奥へ進むにつれて、さまざまな鍾乳石の自然の造形美が次々に現れて目を楽しませてくれる。天井からつららのように垂れ下がった無数の鍾乳石、鍾乳石の水滴が地底に落ち積もってできる石のタケノコ(石筍)、天井のつららと石筍がつながってできる石柱など、多種多様な地底の造形が幻想の世界を繰り広げている。これまで秋吉台・秋芳洞、沖縄の玉泉洞、それに人吉やベトナム・ハロン湾などの鍾乳洞を見物してきたが、この洞穴はさすがに、それらを凌駕する規模と見事さを備えている。欧州随一と言われるのはもっともなことである。


巨大な石柱


無数の鍾乳石や石筍が見える


見事な自然の芸術


巨大な石筍


石柱の数々・・・



ソーメンのように細く垂れ下がる鍾乳石


巨大な石柱


巨大な石柱と石筍

徒歩見学のコースは約1.7kmの距離で、これを小1時間かけて案内してくれる。英語によるガイドなので、英語圏の観光客はよいが、われわれ日本人にはリスニング力がないと解説はよく理解できないことになる。だが、鍾乳洞の様子は見れば大体分かるので、さほど問題はない。前後して歩く外国人にいちいち出身国を尋ねてみるとポーランドあり、ロシアありで、なかなか国際色豊かである。


コースの最後の地点では「コンサートホール」と名がつく自然の広い空間が現れる。天井の高さ40m、空間の広さ300uで、手を叩くと残響が6秒間も残るという残響効果抜群のスペースである。ここを利用して年間多数のコンサートが催されるそうで、ウイーンのオペラ歌手など世界中の音楽家が集うという。



 これがコンサートホール。広大な広さが分かる。




ここで案内ガイドは終わりとなり解散となる。ホールの片端にはみやげ品店もあり、みんな自由に過ごした後、ホールを出てすぐのところにあるトロッコ乗り場から出口へ引き返すのである。


こうしてトロッコ列車往復(約20分)、徒歩観光約1時間、計1時間半ほどを洞内で過ごし、鍾乳洞観光は終わりとなる。
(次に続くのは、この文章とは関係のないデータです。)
lemma norm_integral_R_api_cos_deviation_le:
  assumes a: "0 < a" "a < pi" and n: "n \<ge> 1"
  shows "cmod (integral {0..pi} (\<lambda>x. (y x - cos (csqrt z * of_real x))
                    * of_real (R_api a x) * of_real (cos (real n * x))))
         \<le> 2 * pi * (3 + 2 / (pi - a) + pi) * deviation_constant M * exp (pi * \<bar>Im (csqrt z)\<bar>)
             / (real n)\<^sup>2 * (1 + (1 + cmod z) / (1 + pi * sqrt (cmod z)))"
proof -
  define s where "s = csqrt z"
  define W where "W = 3 + 2 / (pi - a) + pi"
  define B where "B = deviation_constant M * ((1 + cmod s) * exp (pi * \<bar>Im s\<bar>))"
  define G where "G = 1 + (1 + cmod z) / (1 + pi * sqrt (cmod z))"
  have s: "s\<^sup>2 = z"
    by (simp add: s_def)
  have bounds: "cmod (y x - cos (s * of_real x)) \<le> B \<and> cmod (y' x + s * sin (s * of_real x)) \<le> B
      \<and> cmod (of_real (V x) * y x - z * (y x - cos (s * of_real x))) \<le> B"
    if "x \<in> {0..pi}" for x
    unfolding B_def using norm_cos_deviation_le[OF s that] by blast
  have "cmod (integral {0..pi} (\<lambda>x. (y x - cos (s * of_real x))
                    * of_real (R_api a x) * of_real (cos (real n * x)))) \<le> W * B / (real n)\<^sup>2"
    unfolding W_def
    by (rule integral_R_api_times_cos_bound[OF a n]; fact bounds has_vector_derivative_cos_deviation[OF s])
  also have "\<dots> \<le> 2 * pi * W * deviation_constant M * exp (pi * \<bar>Im s\<bar>) / (real n)\<^sup>2 * G"
  proof -
    have "0 \<le> W * deviation_constant M * exp (pi * \<bar>Im s\<bar>)"
      using a M_nonneg deviation_constant_pos by (simp add: W_def less_imp_le)
    moreover have "1 + cmod s \<le> 2 * pi * G"
      using one_plus_sqrt_le[of "cmod z"] by (simp add: s_def G_def)
    ultimately have "W * B \<le> 2 * pi * W * deviation_constant M * exp (pi * \<bar>Im s\<bar>) * G"
      using mult_left_mono by (fastforce simp: B_def mult_ac)
    then show ?thesis
      by (simp add: divide_right_mono)
  qed
  finally show ?thesis
    by (simp add: s_def W_def G_def)
qed

end
lemma group_action_restrict:
  assumes G: "group G"
    and closed: "\<And>g x. g \<in> carrier G \<Longrightarrow> x \<in> E \<Longrightarrow> T g x \<in> E"
    and mult: "\<And>g h x. g \<in> carrier G \<Longrightarrow> h \<in> carrier G \<Longrightarrow> x \<in> E \<Longrightarrow>
                 T (g \<otimes>\<^bsub>G\<^esub> h) x = T g (T h x)"
    and one: "\<And>x. x \<in> E \<Longrightarrow> T \<one>\<^bsub>G\<^esub> x = x"
  shows "group_action G E (\<lambda>g. \<lambda>x\<in>E. T g x)"
proof -
  have bij: "(\<lambda>x\<in>E. T g x) \<in> Bij E" if g: "g \<in> carrier G" for g
  proof -
    have ig: "inv\<^bsub>G\<^esub> g \<in> carrier G" using G g by (simp add: group.inv_closed)
    have "bij_betw (T g) E E"
    proof (rule bij_betw_byWitness[where f'="T (inv\<^bsub>G\<^esub> g)"])
      show "\<forall>x\<in>E. T (inv\<^bsub>G\<^esub> g) (T g x) = x"
        using mult[OF ig g] one G g by (simp add: group.l_inv)
      show "\<forall>x\<in>E. T g (T (inv\<^bsub>G\<^esub> g) x) = x"
        using mult[OF g ig] one G g by (simp add: group.r_inv)
    qed (use closed g ig in auto)
    then have "bij_betw (\<lambda>x\<in>E. T g x) E E" by (rule bij_betw_cong[THEN iffD1, rotated]) auto
    then show ?thesis unfolding Bij_def by auto
  qed
  show ?thesis
    unfolding group_action_def group_hom_def group_hom_axioms_def
  proof (intro conjI G group_BijGroup homI)
    show "(\<lambda>x\<in>E. T g x) \<in> carrier (BijGroup E)" if "g \<in> carrier G" for g
      using bij[OF that] by (simp add: BijGroup_def)
    fix g h assume g: "g \<in> carrier G" and h: "h \<in> carrier G"
    show "(\<lambda>x\<in>E. T (g \<otimes>\<^bsub>G\<^esub> h) x) = (\<lambda>x\<in>E. T g x) \<otimes>\<^bsub>BijGroup E\<^esub> (\<lambda>x\<in>E. T h x)"
      using bij[OF g] bij[OF h] mult[OF g h] closed[OF h] by (auto simp: BijGroup_def compose_def)
  qed
qed
lemma increasing_flip_flip_at: "increasing_flip n \<I> X (flip_at \<I> X i j)"
proof -
  let ?Y = "flip_at \<I> X i j"
  have "1 \<le> i" "j \<le> n"
    using edge_subset[OF H0(1)] flip_edge_mem by auto
  have "X \<noteq> ?Y"
    using H0 flip_edge_mem i_less_j by (metis flip_at_def less_irrefl)
  moreover have "\<forall>H\<in>\<I>. X H \<noteq> ?Y H \<longrightarrow> X H = i \<and> ?Y H = j"
    by (simp add: flip_at_def)
  moreover have "X H \<noteq> j" if "H \<in> \<I>" "i \<in> H" for H
    using orient_leD[OF X_le_X H0(1) that(1)] H0 flip_edge_mem that i_less_j by fastforce
  then have "\<forall>H\<in>\<I>. {i, j} \<subseteq> H \<longrightarrow> (X H = i \<longleftrightarrow> ?Y H = j)"
    by (auto simp: flip_at_def)
  ultimately show ?thesis
    unfolding increasing_flip_def using \<open>1 \<le> i\<close> i_less_j \<open>j \<le> n\<close> by blast
qed

lemma flip_at_distance_less: "(\<Sum>H\<in>\<I>. C H - flip_at \<I> X i j H) < (\<Sum>H\<in>\<I>. C H - X H)"
proof (rule sum_strict_mono_ex1[OF finite_edges])
  show "\<forall>H\<in>\<I>. C H - flip_at \<I> X i j H \<le> C H - X H"
    using i_less_j by (auto simp: flip_at_def)
  show "\<exists>H\<in>\<I>. C H - flip_at \<I> X i j H < C H - X H"
    using H0 flip_edge_mem i_less_j by (intro bexI[of _ H0]) (auto simp: flip_at_def)
qed

lemma orient_le_flip_at_target: "orient_le \<I> (flip_at \<I> X i j) C"
  unfolding orient_le_def
proof (intro ballI impI)
  fix I J assume I: "I \<in> \<I>" and J: "J \<in> \<I>"
    and XJ: "flip_at \<I> X i j J \<in> I" and CI: "C I \<in> J"
  show "flip_at \<I> X i j J \<le> C I"
  proof (cases "i \<in> J \<and> j \<in> J \<and> X J = i")
    case False
    then show ?thesis
      using orient_leD[OF X_le_C I J] XJ CI J by (auto simp: flip_at_def)
  next
    case True
    then have "j \<in> I"
      using XJ J by (simp add: flip_at_def)
    have "i \<le> C I"
    proof (rule ccontr)
      assume "\<not> i \<le> C I"
      then have "i \<in> I"
        using edge_convex[OF I orientation_mem[OF oC I] \<open>j \<in> I\<close>] i_less_j by simp
      then show False
        using orient_leD[OF X_le_C I J] True CI \<open>\<not> i \<le> C I\<close> by simp
    qed
    have "j \<le> C I"
    proof (rule ccontr)
      assume "\<not> j \<le> C I"
      then have "C I \<in> H0"
        using edge_convex[OF H0(1) flip_edge_mem] \<open>i \<le> C I\<close> by simp
      then show False
        using orient_leD[OF C_le_C I H0(1)] H0 \<open>j \<in> I\<close> \<open>\<not> j \<le> C I\<close> by simp
    qed
    then show ?thesis
      using True J by (simp add: flip_at_def)
  qed
qed

lemma flipped_le_unflipped:
  assumes I: "I \<in> \<I>" and J: "J \<in> \<I>" and "X J = i" "i \<in> J" "j \<in> J" "j \<in> I" "X I \<in> J"
    and unflipped: "flip_at \<I> X i j I = X I"
  shows "j \<le> X I"
proof (rule ccontr)
  assume "\<not> j \<le> X I"
  have "i \<notin> I"
  proof
    assume "i \<in> I"
    then have "X I = i"
      using orient_leD[OF X_le_X I J] orient_leD[OF X_le_X J I] assms by simp
    then show False
      using unflipped I \<open>i \<in> I\<close> \<open>j \<in> I\<close> i_less_j by (simp add: flip_at_def)
  qed
  then have "\<not> X I \<le> i"
    using edge_convex[OF I orientation_mem[OF oX I] \<open>j \<in> I\<close>, of i] i_less_j by auto
  then have "X I = C I"
    using i_max[OF I] by auto
  moreover have "flip_at \<I> X i j J = j"
    using J assms by (simp add: flip_at_def)
  ultimately show False
    using orient_leD[OF orient_le_flip_at_target I J] assms \<open>\<not> j \<le> X I\<close> by simp
qed

lemma unflipped_le_flipped:
  assumes I: "I \<in> \<I>" and J: "J \<in> \<I>" and "X I = i" "j \<in> I" "j \<in> J" "X J \<in> I"
  shows "X J \<le> j"
proof -
  have "i \<le> C I"
    using orient_le_imp_le[OF oX oC X_le_C I] assms by simp
  moreover have "C I \<le> j"
    using j_max[OF I] assms i_less_j by (cases "C I = i") auto
  ultimately have "C I \<in> H0"
    using edge_convex[OF H0(1) flip_edge_mem] by simp
  then have "C I = j"
    using orient_leD[OF C_le_C I H0(1)] H0 assms \<open>C I \<le> j\<close> by simp
  then show ?thesis
    using orient_leD[OF X_le_C I J] assms by simp
qed

lemma acyclic_flip_at: "acyclic_orientation \<I> (flip_at \<I> X i j)"
  unfolding acyclic_orientation_iff
proof (intro conjI orientation_flip_at[OF oX])
  let ?Y = "flip_at \<I> X i j"
  show "orient_le \<I> ?Y ?Y"
    unfolding orient_le_def
  proof (intro ballI impI)
    fix I J assume I: "I \<in> \<I>" and J: "J \<in> \<I>" and YJ: "?Y J \<in> I" and YI: "?Y I \<in> J"
    consider (neither) "?Y I = X I" "?Y J = X J"
      | (both) "?Y I = j" "?Y J = j"
      | (J_only) "?Y I = X I" "?Y J = j" "X J = i" "i \<in> J" "j \<in> J"
      | (I_only) "?Y I = j" "?Y J = X J" "X I = i" "j \<in> I"
      using I J YJ YI unfolding flip_at_def by (auto split: if_splits)
    then show "?Y J \<le> ?Y I"
    proof cases
      case neither
      then show ?thesis
        using orient_leD[OF X_le_X I J] YJ YI by simp
    next
      case both
      then show ?thesis by simp
    next
      case J_only
      then show ?thesis
        using flipped_le_unflipped[OF I J] YJ YI by simp
    next
      case I_only
      then show ?thesis
        using unflipped_le_flipped[OF I J] YJ YI by simp
    qed
  qed
qed

end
10時発のトロッコに乗車して入ったので、洞穴から出たのは12時ごろである。


昼食はマス料理
鍾乳洞観光を終えると、次は昼食のため少し離れたレストランへ移動する。料理はスープ、マスのムニエルで、これに野菜サラダが付き、デザートは当地名物の焼き菓子ギバニッツァが出されるが、甘い物が苦手な私には手が出ない。飲み物は缶ビール(2ユーロ)を注文する。